# ombudsmann.at "Watchlist"



## Aka-Aka (19 Juni 2006)

hier kommentarlos verlinkt:
http://www.ombudsmann.at/ombudsmann.php/cat/40/title/Watchlist
Negativliste (Watchlist)


> Auf die gemeinsam mit unseren deutschen Kollegen von ombudsmann.de geführte "Negativliste", werden daher *ausschließlich jene Unternehmen gesetzt, gegen die bereits mehrere Beschwerden vorliegen und die trotz mehrfacher schriftlicher Aufforderung nicht bereit waren, eine Problemlösung bzw.
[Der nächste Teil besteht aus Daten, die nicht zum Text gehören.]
(* Let $\circ$ be an alternative operation on $V=\mathbb{F}_2^m$ (in the sense of the context). Then for every $\lambda\in H_\circ$ one has $W_\circ\lambda=W_\circ$ and $U_\circ\lambda=U_\circ$.
   Context: Vectors of $V=\mathbb{F}_2^m$ are row vectors and maps are written in postfix notation ($xf$ is the image of $x$ under $f$). $+$ denotes the usual (xor) addition. An alternative operation on $V$ is defined from an elementary abelian $2$-subgroup $T<\mathrm{AGL}(V,+)$ acting regularly on $V$: writing $\tau_a$ for the unique element of $T$ with $0\tau_a=a$, set $a\circ b:=a\tau_b$; then $(V,\circ)$ is an elementary abelian $2$-group whose translation group is $T_\circ=T$. $\mathrm{AGL}(V,\circ)$ denotes the normaliser of $T_\circ$ in $\mathrm{Sym}(V)$ and $\mathrm{GL}(V,\circ)$ its stabiliser of $0$. It is assumed that the xor-translation group $T_+=\{x\mapsto x+a : a\in V\}$ is contained in $\mathrm{AGL}(V,\circ)$. The weak key space is $W_\circ=\{k\in V : x\circ k=x+k \text{ for all } x\in V\}$. The product is $a\cdot b:=a+b+a\circ b$ and the error space is $U_\circ=\{a\cdot b: a,b\in V\}$. Finally $H_\circ:=\mathrm{GL}(V,+)\cap\mathrm{GL}(V,\circ)$, i.e. the xor-linear bijections $f$ with $(a\circ b)f=af\circ bf$ for all $a,b$. *)

theory Defs
  imports Main
begin

text \<open>V = F_2^m is modelled as the type 'n \<Rightarrow> bool with 'n a finite type, m = CARD('n);
  a vector is its coordinate function, True meaning 1.\<close>

type_synonym 'n vec2 = "'n \<Rightarrow> bool"

definition vadd :: "'n vec2 \<Rightarrow> 'n vec2 \<Rightarrow> 'n vec2" where
  "vadd a b = (\<lambda>i. a i \<noteq> b i)"

definition vzero :: "'n vec2" where
  "vzero = (\<lambda>i. False)"

text \<open>xor-linear maps (over F_2, additivity is linearity).\<close>
definition xlinear :: "('n vec2 \<Rightarrow> 'n vec2) \<Rightarrow> bool" where
  "xlinear f \<longleftrightarrow> (\<forall>a b. f (vadd a b) = vadd (f a) (f b))"

definition affine_map :: "('n vec2 \<Rightarrow> 'n vec2) \<Rightarrow> bool" where
  "affine_map g \<longleftrightarrow> (\<exists>L c. xlinear L \<and> bij L \<and> g = (\<lambda>x. vadd (L x) c))"

definition alt_translation_group :: "('n vec2 \<Rightarrow> 'n vec2) set \<Rightarrow> bool" where
  "alt_translation_group T \<longleftrightarrow>
     (\<forall>t\<in>T. affine_map t) \<and> id \<in> T \<and>
     (\<forall>s\<in>T. \<forall>t\<in>T. s \<circ> t \<in> T) \<and>
     (\<forall>t\<in>T. t \<circ> t = id) \<and>
     (\<forall>s\<in>T. \<forall>t\<in>T. s \<circ> t = t \<circ> s) \<and>
     (\<forall>x y. \<exists>!t. t \<in> T \<and> t x = y)"

definition tau :: "('n vec2 \<Rightarrow> 'n vec2) set \<Rightarrow> 'n vec2 \<Rightarrow> ('n vec2 \<Rightarrow> 'n vec2)" where
  "tau T a = (THE t. t \<in> T \<and> t vzero = a)"

text \<open>a \<circ> b := a \<tau>_b (postfix application).\<close>
definition circ :: "('n vec2 \<Rightarrow> 'n vec2) set \<Rightarrow> 'n vec2 \<Rightarrow> 'n vec2 \<Rightarrow> 'n vec2" where
  "circ T a b = tau T b a"

definition xor_translation :: "'n vec2 \<Rightarrow> ('n vec2 \<Rightarrow> 'n vec2)" where
  "xor_translation c = (\<lambda>x. vadd x c)"

text \<open>T_+ is contained in AGL(V,\<circ>), the normaliser of T in Sym(V).\<close>
definition xor_translations_normalise :: "('n vec2 \<Rightarrow> 'n vec2) set \<Rightarrow> bool" where
  "xor_translations_normalise T \<longleftrightarrow>
     (\<forall>c. (\<lambda>t. inv (xor_translation c) \<circ> t \<circ> xor_translation c) ` T = T)"

definition weak_keys :: "('n vec2 \<Rightarrow> 'n vec2) set \<Rightarrow> 'n vec2 set" where
  "weak_keys T = {k. \<forall>x. circ T x k = vadd x k}"

definition error_space :: "('n vec2 \<Rightarrow> 'n vec2) set \<Rightarrow> 'n vec2 set" where
  "error_space T = {vadd (vadd a b) (circ T a b) | a b. True}"

definition H_circ :: "('n vec2 \<Rightarrow> 'n vec2) set \<Rightarrow> ('n vec2 \<Rightarrow> 'n vec2) set" where
  "H_circ T = {f. bij f \<and> xlinear f \<and> (\<forall>a b. f (circ T a b) = circ T (f a) (f b))}"

end

theory Submission
  imports Defs
begin

(* Every lam in H_circ T is an automorphism of both (V,+) and (V,\<circ>), so it maps the sets
   W and U, which are defined from + and \<circ> alone, into themselves. Since H_circ T is closed
   under inverses, the same holds for inv lam, and the two inclusions give equality.
   No hypothesis on T is needed for this. *)

lemma inv_hom_of_bij_hom:
  assumes "bij f" and "\<And>a b. f (g a b) = g (f a) (f b)"
  shows "inv f (g a b) = g (inv f a) (inv f b)"
proof (rule inv_f_eq)
  show "inj f" using assms(1) by (rule bij_is_inj)
  show "f (g (inv f a) (inv f b)) = g a b"
    using assms by (simp add: bij_is_surj surj_f_inv_f)
qed

lemma inv_in_H_circ:
  assumes "lam \<in> H_circ T"
  shows "inv lam \<in> H_circ T"
  using assms
  by (simp add: H_circ_def xlinear_def bij_imp_bij_inv inv_hom_of_bij_hom[where g = vadd]
      inv_hom_of_bij_hom[where g = "circ T"])

lemma image_eq_if_bij_and_inv_image_subset:
  assumes "bij f" and "f ` A \<subseteq> A" and "inv f ` A \<subseteq> A"
  shows "f ` A = A"
proof
  have "A = f ` inv f ` A" using assms(1) by (simp add: bij_is_surj image_f_inv_f)
  also have "\<dots> \<subseteq> f ` A" using assms(3) by (rule image_mono)
  finally show "A \<subseteq> f ` A" .
qed (fact assms(2))

lemma H_circ_image_weak_keys_subset:
  assumes "lam \<in> H_circ T"
  shows "lam ` weak_keys T \<subseteq> weak_keys T"
proof (rule image_subsetI)
  fix k assume "k \<in> weak_keys T"
  then have weak: "circ T x k = vadd x k" for x by (simp add: weak_keys_def)
  from assms have "surj lam" and lin: "\<And>a b. lam (vadd a b) = vadd (lam a) (lam b)"
    and hom: "\<And>a b. lam (circ T a b) = circ T (lam a) (lam b)"
    by (auto simp: H_circ_def xlinear_def bij_is_surj)
  have "circ T y (lam k) = vadd y (lam k)" for y
  proof -
    obtain x where y: "y = lam x" using \<open>surj lam\<close> by (metis surjD)
    have "circ T y (lam k) = lam (circ T x k)" by (simp add: y hom)
    also have "\<dots> = vadd y (lam k)" by (simp add: weak lin y)
    finally show ?thesis .
  qed
  then show "lam k \<in> weak_keys T" by (simp add: weak_keys_def)
qed

lemma H_circ_image_error_space_subset:
  assumes "lam \<in> H_circ T"
  shows "lam ` error_space T \<subseteq> error_space T"
proof (rule image_subsetI)
  fix u assume "u \<in> error_space T"
  then obtain a b where u: "u = vadd (vadd a b) (circ T a b)" by (auto simp: error_space_def)
  from assms have "lam u = vadd (vadd (lam a) (lam b)) (circ T (lam a) (lam b))"
    by (simp add: u H_circ_def xlinear_def)
  then show "lam u \<in> error_space T" by (auto simp: error_space_def)
qed

lemma H_circ_image_eq_if_subset:
  assumes "lam \<in> H_circ T" and "\<And>f. f \<in> H_circ T \<Longrightarrow> f ` A \<subseteq> A"
  shows "lam ` A = A"
proof (rule image_eq_if_bij_and_inv_image_subset)
  show "bij lam" using assms(1) by (simp add: H_circ_def)
  show "lam ` A \<subseteq> A" using assms by blast
  show "inv lam ` A \<subseteq> A" using assms by (blast intro: inv_in_H_circ)
qed

theorem lemma1:
  fixes T :: "(('n::finite) vec2 \<Rightarrow> 'n vec2) set" and lam :: "'n vec2 \<Rightarrow> 'n vec2"
  assumes "alt_translation_group T"
    and "xor_translations_normalise T"
    and "lam \<in> H_circ T"
  shows "lam ` weak_keys T = weak_keys T \<and> lam ` error_space T = error_space T"
  using assms(3)
  by (simp add: H_circ_image_eq_if_subset H_circ_image_weak_keys_subset
      H_circ_image_error_space_subset)

end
Schadenswiedergutmachung herbeizuführen.*


----------



## Captain Picard (19 Juni 2006)

*AW: ombudsmann.at "Watchlist"*

das deutsche Pendant mit deutlichen Akzenten 
http://www.ombudsmann.de/ombudsmann.php/cat/40/title/Negativliste
http://www.ombudsmann.de/ombudsmann.php/cat/41/title/Negativliste+-+Firmen


----------



## Aka-Aka (19 Juni 2006)

*AW: ombudsmann.at "Watchlist"*



> Ombudsmann.de kann aus Kapazitätsgründen ab dem 30.5.2006 leider keine neuen Fälle zur Bearbeitung annehmen.


 Daher auch der Link nach Österreich (wo sie die Brüder auch führen)


----------